Saved entries
lemma matrix_add_rdistrib: "(P + Q) ** R = P ** R + Q ** (R :: real^'n^'n)"
  by (simp add: vec_eq_iff matrix_matrix_mult_def sum.distrib distrib_right)

lemma matrix_diff_rdistrib: "(P - Q) ** R = P ** R - Q ** (R :: real^'n^'n)"
  by (simp add: vec_eq_iff matrix_matrix_mult_def sum_subtractf left_diff_distrib)

lemma trace_scaleR: "trace (c *\<^sub>R (M :: real^'n^'n)) = c * trace M"
  by (simp add: trace_def sum_distrib_left)

lemma continuous_on_det:
  fixes f :: "real \<Rightarrow> real^'k^'k"
  assumes "continuous_on S f"
  shows "continuous_on S (\<lambda>s. det (f s))"
  unfolding det_def by (intro continuous_intros continuous_on_component assms)

section \<open>Positive definite quadratic forms\<close>

text \<open>Positive definiteness without the symmetry requirement, so that G and A G A^T can be
  treated without proving them symmetric.\<close>

definition pos_form :: "real^'k^'k \<Rightarrow> bool" where
  "pos_form M \<longleftrightarrow> (\<forall>x. x \<noteq> 0 \<longrightarrow> 0 < x \<bullet> (M *v x))"

lemma posdef_iff_pos_form: "posdef M \<longleftrightarrow> symmetric_mat M \<and> pos_form M"
  by (simp add: posdef_def pos_form_def)

lemma pos_form_mat_1: "pos_form (mat 1 :: real^'k^'k)"
  by (simp add: pos_form_def)

lemma pos_form_nonneg: "pos_form M \<Longrightarrow> 0 \<le> x \<bullet> (M *v x)"
  by (cases "x = 0") (auto simp: pos_form_def less_imp_le)

lemma pos_form_invertible: "pos_form (M :: real^'k^'k) \<Longrightarrow> invertible M"
  unfolding invertible_iff_ker_zero pos_form_def by (metis inner_zero_right less_irrefl)

lemma pos_form_matrix_inv:
  fixes M :: "real^'k^'k"
  assumes "pos_form M"
  shows "pos_form (matrix_inv M)"
  unfolding pos_form_def
proof (intro allI impI)
  fix x :: "real^'k" assume "x \<noteq> 0"
  define y where "y = matrix_inv M *v x"
  have My: "M *v y = x"
    by (simp add: y_def matrix_vector_mul_assoc matrix_inv_right[OF pos_form_invertible[OF assms]])
  then have "y \<noteq> 0" using \<open>x \<noteq> 0\<close> by auto
  then have "0 < y \<bullet> (M *v y)" using assms by (simp add: pos_form_def)
  moreover have "y \<bullet> (M *v y) = x \<bullet> (matrix_inv M *v x)"
    unfolding My by (simp add: y_def inner_commute)
  ultimately show "0 < x \<bullet> (matrix_inv M *v x)" by simp
qed

lemma pos_form_convex_comb:
  fixes P Q :: "real^'k^'k"
  assumes "pos_form P" "pos_form Q" "0 \<le> s" "s \<le> 1"
  shows "pos_form ((1 - s) *\<^sub>R P + s *\<^sub>R Q)"
  unfolding pos_form_def
proof (intro allI impI)
  fix x :: "real^'k" assume "x \<noteq> 0"
  then have "0 < x \<bullet> (P *v x)" "0 < x \<bullet> (Q *v x)" using assms(1,2) by (auto simp: pos_form_def)
  then have "0 < (1 - s) * (x \<bullet> (P *v x)) + s * (x \<bullet> (Q *v x))"
    using assms(3,4) by (cases "s = 0") (auto intro: add_nonneg_pos add_pos_nonneg)
  then show "0 < x \<bullet> (((1 - s) *\<^sub>R P + s *\<^sub>R Q) *v x)"
    by (simp add: matrix_vector_mult_add_rdistrib inner_add_right
        flip: scaleR_matrix_vector_assoc)
qed

lemma continuous_on_quadratic_form:
  fixes f :: "real \<Rightarrow> real^'k^'k"
  assumes "continuous_on S f"
  shows "continuous_on S (\<lambda>s. x \<bullet> (f s *v x))"
  unfolding inner_vec_def matrix_vector_mult_def
  by (intro continuous_intros continuous_on_component assms)

lemma pos_form_det_pos:
  fixes M :: "real^'k^'k"
  assumes "pos_form M"
  shows "0 < det M"
proof (rule ccontr)
  let ?h = "\<lambda>s. (1 - s) *\<^sub>R mat 1 + s *\<^sub>R M"
  assume "\<not> 0 < det M"
  then have "det (?h 1) \<le> 0" "0 \<le> det (?h 0)" by simp_all
  moreover have "continuous_on {0..1} (\<lambda>s. det (?h s))"
    by (intro continuous_on_det continuous_intros)
  ultimately obtain s where s: "0 \<le> s" "s \<le> 1" "det (?h s) = 0"
    using IVT2'[of "\<lambda>s. det (?h s)" 1 0 0] by auto
  have "invertible (?h s)"
    by (rule pos_form_invertible[OF pos_form_convex_comb[OF pos_form_mat_1 assms s(1,2)]])
  then show False using s(3) by (simp add: invertible_det_nz)
qed

lemma quadratic_form_bound:
  fixes K :: "real^'k^'k"
  shows "\<bar>v \<bullet> (K *v v)\<bar> \<le> real CARD('k) * real CARD('k) * norm K * (norm v * norm v)"
proof -
  have entry: "\<bar>K$i$j\<bar> \<le> norm K" for i j
    by (rule order_trans[OF component_le_norm_cart Finite_Cartesian_Product.norm_nth_le])
  have "norm (K *v v) \<le> onorm ((*v) K) * norm v"
    by (rule onorm[OF matrix_vector_mul_bounded_linear])
  also have "\<dots> \<le> real CARD('k) * real CARD('k) * norm K * norm v"
    by (intro mult_right_mono onorm_le_matrix_component entry norm_ge_zero)
  finally have "norm v * norm (K *v v) \<le> norm v * (real CARD('k) * real CARD('k) * norm K * norm v)"
    by (rule mult_left_mono[OF _ norm_ge_zero])
  then show ?thesis using Cauchy_Schwarz_ineq2[of v "K *v v"] by (simp add: mult_ac)
qed

lemma pos_form_coercive:
  fixes M :: "real^'k^'k"
  assumes "pos_form M"
  obtains m where "0 < m" "\<And>v. norm v = 1 \<Longrightarrow> m \<le> v \<bullet> (M *v v)"
proof -
  obtain w :: "real^'k" where "norm w = 1" using vector_choose_size[of 1] by auto
  moreover have "continuous_on (sphere 0 1) (\<lambda>x::real^'k. x \<bullet> (M *v x))"
    by (intro continuous_intros)
  ultimately obtain u where u: "norm u = 1" and min: "\<And>v. norm v = 1 \<Longrightarrow> u \<bullet> (M *v u) \<le> v \<bullet> (M *v v)"
    using continuous_attains_inf[of "sphere 0 1" "\<lambda>x. x \<bullet> (M *v x)"] by fastforce
  have "u \<noteq> 0" using u by auto
  then have "0 < u \<bullet> (M *v u)" using assms by (simp add: pos_form_def)
  then show ?thesis using that min by blast
qed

▶ **YOUR OBJECTIVE**: Return all lines from the entries that contain the string "noteq".

▶ **YOUR RESPONSE**:
  "pos_form M \<longleftrightarrow> (\<forall>x. x \<noteq> 0 \<longrightarrow> 0 < x \<bullet> (M *v x))"
  fix x :: "real^'k" assume "x \<noteq> 0"
  then have "y \<noteq> 0" using \<open>x \<noteq> 0\<close> by auto
  fix x :: "real^'k" assume "x \<noteq> 0"
  have "u \<noteq> 0" using u by auto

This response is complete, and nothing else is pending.